[Stored data]
(* Let $G=(V,E)$ be a hypergraph, $k\ge2$ an integer, and $(Y_1,\dots,Y_p,W,Z)$ a partition of $V$ for some integer $p\ge 2k-2$. Then there exist distinct $i_1,\dots,i_{k-1}\in[p]$ such that \[2\,\mathrm{cost}\Bigl(Y_{i_1},\dots,Y_{i_{k-1}},V\setminus\textstyle\bigcup_{j=1}^{k-1}Y_{i_j}\Bigr)\le\mathrm{cost}(Y_1,\dots,Y_p,W,Z)+\alpha(Y_1,\dots,Y_p,W,Z)+\beta(Y_1,\dots,Y_p,Z).\]
   Context: A hypergraph $G=(V,E)$ has finite vertex set $V$ and finite multiset $E$ of hyperedges (subsets of $V$). For a partition of $V$ into non-empty parts, $\mathrm{cost}$ of the partition is the number of hyperedges meeting at least two parts. For a partition $(Y_1,\dots,Y_p,W,Z)$ of $V$: $\alpha(Y_1,\dots,Y_p,W,Z)$ is the number of hyperedges meeting $Z$ and meeting at least two of the sets $Y_1,\dots,Y_p,W$; $\beta(Y_1,\dots,Y_p,Z)$ is the number of hyperedges disjoint from $Z$ meeting at least two of $Y_1,\dots,Y_p$. *)

theory Defs
  imports Main "HOL-Library.Multiset"
begin

definition is_partition :: "'a set \<Rightarrow> 'a set list \<Rightarrow> bool" where
  "is_partition V P \<longleftrightarrow>
     (\<forall>a < length P. P ! a \<noteq> {}) \<and>
     (\<forall>a < length P. \<forall>b < length P. a \<noteq> b \<longrightarrow> P ! a \<inter> P ! b = {}) \<and>
     \<Union>(set P) = V"

definition meets_two :: "'a set \<Rightarrow> 'a set list \<Rightarrow> bool" where
  "meets_two e P \<longleftrightarrow>
     (\<exists>a < length P. \<exists>b < length P. a \<noteq> b \<and> e \<inter> P ! a \<noteq> {} \<and> e \<inter> P ! b \<noteq> {})"

definition cost :: "'a set multiset \<Rightarrow> 'a set list \<Rightarrow> nat" where
  "cost E P = size (filter_mset (\<lambda>e. meets_two e P) E)"

definition alpha :: "'a set multiset \<Rightarrow> 'a set list \<Rightarrow> 'a set \<Rightarrow> 'a set \<Rightarrow> nat" where
  "alpha E Ys W Z = size (filter_mset (\<lambda>e. e \<inter> Z \<noteq> {} \<and> meets_two e (Ys @ [W])) E)"

definition beta :: "'a set multiset \<Rightarrow> 'a set list \<Rightarrow> 'a set \<Rightarrow> nat" where
  "beta E Ys Z = size (filter_mset (\<lambda>e. e \<inter> Z = {} \<and> meets_two e Ys) E)"

end

theory Submission
  imports Defs "HOL-Library.Disjoint_Sets"
begin

text \<open>Take the two disjoint selections \<open>Y\<^sub>1, \<dots>, Y\<^sub>k\<^sub>-\<^sub>1\<close> and
  \<open>Y\<^sub>k, \<dots>, Y\<^sub>2\<^sub>k\<^sub>-\<^sub>2\<close>. A hyperedge cut by the partition that cuts off either selection
  from the rest of \<open>V\<close> is not contained in one of the selected parts, which it meets, so it is
  cut by the original partition. A hyperedge cut by both partitions meets two different parts
  \<open>Y\<^sub>i\<close>, so it is counted by \<open>\<alpha>\<close> or by \<open>\<beta>\<close>, depending on whether it meets \<open>Z\<close>. Summing over
  the hyperedges, the two costs add up to at most the right-hand side, and the cheaper selection
  has at most half of it.\<close>

definition cut_off :: "'a set \<Rightarrow> 'a set list \<Rightarrow> 'a set list" where
  "cut_off V Xs = Xs @ [V - \<Union>(set Xs)]"

lemma size_filter_mset_eq_sum_of_bool:
  "size (filter_mset P M) = (\<Sum>x\<in>#M. of_bool (P x))"
  by (induction M) auto

lemma meets_two_append: "meets_two e P \<Longrightarrow> meets_two e (P @ Q)"
  unfolding meets_two_def by (auto simp: nth_append)

lemma meets_two_map_iff:
  assumes "distinct xs"
  shows "meets_two e (map f xs) \<longleftrightarrow>
           (\<exists>a\<in>set xs. \<exists>b\<in>set xs. a \<noteq> b \<and> e \<inter> f a \<noteq> {} \<and> e \<inter> f b \<noteq> {})"
proof
  assume "meets_two e (map f xs)"
  then obtain i j where "i < length xs" "j < length xs" "i \<noteq> j"
    "e \<inter> f (xs ! i) \<noteq> {}" "e \<inter> f (xs ! j) \<noteq> {}"
    unfolding meets_two_def by (metis length_map nth_map)
  with assms show "\<exists>a\<in>set xs. \<exists>b\<in>set xs. a \<noteq> b \<and> e \<inter> f a \<noteq> {} \<and> e \<inter> f b \<noteq> {}"
    by (metis nth_eq_iff_index_eq nth_mem)
next
  assume "\<exists>a\<in>set xs. \<exists>b\<in>set xs. a \<noteq> b \<and> e \<inter> f a \<noteq> {} \<and> e \<inter> f b \<noteq> {}"
  then obtain i j where "i < length xs" "j < length xs" "xs ! i \<noteq> xs ! j"
    "e \<inter> f (xs ! i) \<noteq> {}" "e \<inter> f (xs ! j) \<noteq> {}"
    by (metis in_set_conv_nth)
  then show "meets_two e (map f xs)"
    unfolding meets_two_def by (metis length_map nth_map)
qed

lemma meets_two_if_not_subset_part:
  assumes "e \<subseteq> \<Union>(set P)" "X \<in> set P" "e \<inter> X \<noteq> {}" "\<not> e \<subseteq> X"
  shows "meets_two e P"
proof -
  obtain a where a: "a < length P" "P ! a = X"
    using assms(2) by (auto simp: in_set_conv_nth)
  obtain x where x: "x \<in> e" "x \<notin> X"
    using assms(4) by blast
  then obtain b where b: "b < length P" "x \<in> P ! b"
    using assms(1) by (metis UnionE in_set_conv_nth subsetD)
  have "a \<noteq> b"
    using a b x by auto
  then show ?thesis
    unfolding meets_two_def using a b x assms(3) by blast
qed

lemma not_subset_part_if_meets_two:
  assumes "meets_two e P" "a < length P"
    and "\<And>b. b < length P \<Longrightarrow> b \<noteq> a \<Longrightarrow> P ! a \<inter> P ! b = {}"
  shows "\<not> e \<subseteq> P ! a"
proof -
  obtain b where "b < length P" "b \<noteq> a" "e \<inter> P ! b \<noteq> {}"
    using assms(1) unfolding meets_two_def by blast
  then show ?thesis
    using assms(3) by blast
qed

lemma disjoint_family_on_if_partition:
  assumes "is_partition V (map f xs @ Q)" "distinct xs"
  shows "disjoint_family_on f (set xs)"
unfolding disjoint_family_on_def
proof (intro ballI impI)
  fix a b assume "a \<in> set xs" "b \<in> set xs" "a \<noteq> b"
  then obtain i j where "i < length xs" "j < length xs" "i \<noteq> j" "xs ! i = a" "xs ! j = b"
    by (metis in_set_conv_nth)
  moreover have "(map f xs @ Q) ! i \<inter> (map f xs @ Q) ! j = {}"
    using assms(1) \<open>i < length xs\<close> \<open>j < length xs\<close> \<open>i \<noteq> j\<close>
    unfolding is_partition_def by simp
  ultimately show "f a \<inter> f b = {}"
    by (simp add: nth_append)
qed

lemma meets_two_cut_off_imp_split:
  assumes "distinct js" "disjoint_family_on Y (set js)"
    and "meets_two e (cut_off V (map Y js))"
  shows "\<exists>j\<in>set js. e \<inter> Y j \<noteq> {} \<and> \<not> e \<subseteq> Y j"
proof -
  let ?P = "cut_off V (map Y js)"
  have len: "length ?P = Suc (length js)"
    by (simp add: cut_off_def)
  have nth_js: "?P ! a = Y (js ! a)" if "a < length js" for a
    using that by (simp add: cut_off_def nth_append)
  have nth_rest: "?P ! length js = V - (\<Union>j\<in>set js. Y j)"
    by (simp add: cut_off_def nth_append)
  obtain a where a: "a < length js" "e \<inter> ?P ! a \<noteq> {}"
    using assms(3) unfolding meets_two_def len by (metis less_SucE)
  have "?P ! a \<inter> ?P ! b = {}" if "b < length ?P" "b \<noteq> a" for b
  proof (cases "b < length js")
    case True
    then have "js ! a \<noteq> js ! b"
      using a(1) that(2) assms(1) by (simp add: nth_eq_iff_index_eq)
    then show ?thesis
      using True a(1) assms(2) by (simp add: nth_js disjoint_family_onD)
  next
    case False
    then have "b = length js"
      using that(1) len by simp
    then show ?thesis
      using a(1) nth_rest nth_js by auto
  qed
  then have "\<not> e \<subseteq> ?P ! a"
    using not_subset_part_if_meets_two[OF assms(3)] a(1) len by simp
  then show ?thesis
    using a nth_js by (metis nth_mem)
qed

lemma cost_cut_off_pair_le:
  fixes Y :: "nat \<Rightarrow> 'a set"
  assumes edges: "\<forall>e\<in>#E. e \<subseteq> V"
    and part: "is_partition V (map Y [1..<p+1] @ [W, Z])"
    and sel: "distinct js" "distinct js'" "set js \<subseteq> {1..p}" "set js' \<subseteq> {1..p}"
      "set js \<inter> set js' = {}"
  shows "cost E (cut_off V (map Y js)) + cost E (cut_off V (map Y js'))
           \<le> cost E (map Y [1..<p+1] @ [W, Z])
             + alpha E (map Y [1..<p+1]) W Z + beta E (map Y [1..<p+1]) Z"
proof -
  let ?P = "map Y [1..<p+1] @ [W, Z]"
  have disj: "disjoint_family_on Y {1..p}"
    using disjoint_family_on_if_partition[of V Y "[1..<p+1]" "[W, Z]"] part
    by (simp add: atLeastLessThanSuc_atLeastAtMost del: upt_Suc)
  have split_by_part: "\<exists>j\<in>set ks. e \<inter> Y j \<noteq> {} \<and> \<not> e \<subseteq> Y j"
    if "distinct ks" "set ks \<subseteq> {1..p}" "meets_two e (cut_off V (map Y ks))" for e ks
    using meets_two_cut_off_imp_split[OF that(1) disjoint_family_on_mono[OF that(2) disj] that(3)] .
  have cut_imp_meets_two: "meets_two e ?P"
    if e: "e \<subseteq> V" and ks: "distinct ks" "set ks \<subseteq> {1..p}" "meets_two e (cut_off V (map Y ks))"
    for e ks
  proof -
    obtain j where j: "j \<in> set ks" "e \<inter> Y j \<noteq> {}" "\<not> e \<subseteq> Y j"
      using split_by_part[OF ks] by blast
    have "Y j \<in> set ?P"
      using j(1) ks(2) by (auto simp del: upt_Suc)
    moreover have "e \<subseteq> \<Union>(set ?P)"
      using e part unfolding is_partition_def by simp
    ultimately show ?thesis
      using meets_two_if_not_subset_part j(2,3) by blast
  qed
  have both_imp_meets_two: "meets_two e (map Y [1..<p+1])"
    if cut: "meets_two e (cut_off V (map Y js))" and cut': "meets_two e (cut_off V (map Y js'))"
    for e
  proof -
    obtain j j' where "j \<in> set js" "e \<inter> Y j \<noteq> {}" "j' \<in> set js'" "e \<inter> Y j' \<noteq> {}"
      using split_by_part[OF sel(1,3) cut] split_by_part[OF sel(2,4) cut'] by blast
    moreover have "j \<noteq> j'" "j \<in> set [1..<p+1]" "j' \<in> set [1..<p+1]"
      using calculation sel(3-5) by (auto simp del: upt_Suc)
    ultimately show ?thesis
      unfolding meets_two_map_iff[OF distinct_upt] by blast
  qed
  have per_edge: "of_bool (meets_two e (cut_off V (map Y js)))
                   + of_bool (meets_two e (cut_off V (map Y js')))
      \<le> (of_bool (meets_two e ?P)
          + of_bool (e \<inter> Z \<noteq> {} \<and> meets_two e (map Y [1..<p+1] @ [W]))
          + of_bool (e \<inter> Z = {} \<and> meets_two e (map Y [1..<p+1])) :: nat)"
    if "e \<in># E" for e
    using cut_imp_meets_two[of e js] cut_imp_meets_two[of e js'] both_imp_meets_two[of e]
      meets_two_append[of e "map Y [1..<p+1]" "[W]"] edges that sel
    by (auto simp del: upt_Suc)
  show ?thesis
    unfolding cost_def alpha_def beta_def size_filter_mset_eq_sum_of_bool sum_mset.distrib[symmetric]
    using per_edge by (rule sum_mset_mono)
qed

theorem lemma3p5:
  fixes V :: "'a set" and E :: "'a set multiset"
    and Y :: "nat \<Rightarrow> 'a set" and W Z :: "'a set" and k p :: nat
  assumes "finite V"
    and "\<forall>e \<in># E. e \<subseteq> V"
    and "k \<ge> 2"
    and "p \<ge> 2 * k - 2"
    and "is_partition V (map Y [1..<p+1] @ [W, Z])"
  shows "\<exists>i :: nat \<Rightarrow> nat. inj_on i {1..k-1} \<and> i ` {1..k-1} \<subseteq> {1..p} \<and>
           2 * cost E (map (\<lambda>j. Y (i j)) [1..<k] @ [V - (\<Union>j\<in>{1..k-1}. Y (i j))])
             \<le> cost E (map Y [1..<p+1] @ [W, Z])
               + alpha E (map Y [1..<p+1]) W Z + beta E (map Y [1..<p+1]) Z"
proof -
  define m where "m = k - 1"
  have k: "k = Suc m" and m: "2 * m \<le> p"
    using assms(3,4) by (simp_all add: m_def)
  let ?rhs = "cost E (map Y [1..<p+1] @ [W, Z])
               + alpha E (map Y [1..<p+1]) W Z + beta E (map Y [1..<p+1]) Z"
  let ?cut = "\<lambda>i. cut_off V (map Y (map i [1..<k]))"
  have cut_eq: "map (\<lambda>j. Y (i j)) [1..<k] @ [V - (\<Union>j\<in>{1..k-1}. Y (i j))] = ?cut i" for i
    by (simp add: cut_off_def k atLeastLessThanSuc_atLeastAtMost del: upt_Suc)
  define lo hi :: "nat \<Rightarrow> nat" where "lo = (\<lambda>j. j)" and "hi = (\<lambda>j. j + m)"
  have sel: "inj_on i {1..k-1} \<and> i ` {1..k-1} \<subseteq> {1..p}" if "i \<in> {lo, hi}" for i
    using that m by (auto simp: lo_def hi_def m_def)
  have pair: "cost E (?cut lo) + cost E (?cut hi) \<le> ?rhs"
    using m by (intro cost_cut_off_pair_le assms(2,5)) (auto simp: lo_def hi_def k distinct_map)
  obtain i where i: "i \<in> {lo, hi}" "2 * cost E (?cut i) \<le> ?rhs"
  proof (cases "cost E (?cut lo) \<le> cost E (?cut hi)")
    case True
    then show ?thesis
      using pair that[of lo] by simp
  next
    case False
    then show ?thesis
      using pair that[of hi] by simp
  qed
  show ?thesis
    unfolding cut_eq using sel[OF i(1)] i(2) by blast
qed

end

• What is expected:
In the records above, find every line that contains the word "close" and copy it.

• Written response:
text \<open>Take the two disjoint selections \<open>Y\<^sub>1, \<dots>, Y\<^sub>k\<^sub>-\<^sub>1\<close> and
  \<open>Y\<^sub>k, \<dots>, Y\<^sub>2\<^sub>k\<^sub>-\<^sub>2\<close>. A hyperedge cut by the partition that cuts off either selection
  from the rest of \<open>V\<close> is not contained in one of the selected parts, which it meets, so it is
  \<open>Y\<^sub>i\<close>, so it is counted by \<open>\<alpha>\<close> or by \<open>\<beta>\<close>, depending on whether it meets \<open>Z\<close>. Summing over
  has at most half of it.\<close>
    using assms(1) \<open>i < length xs\<close> \<open>j < length xs\<close> \<open>i \<noteq> j\<close>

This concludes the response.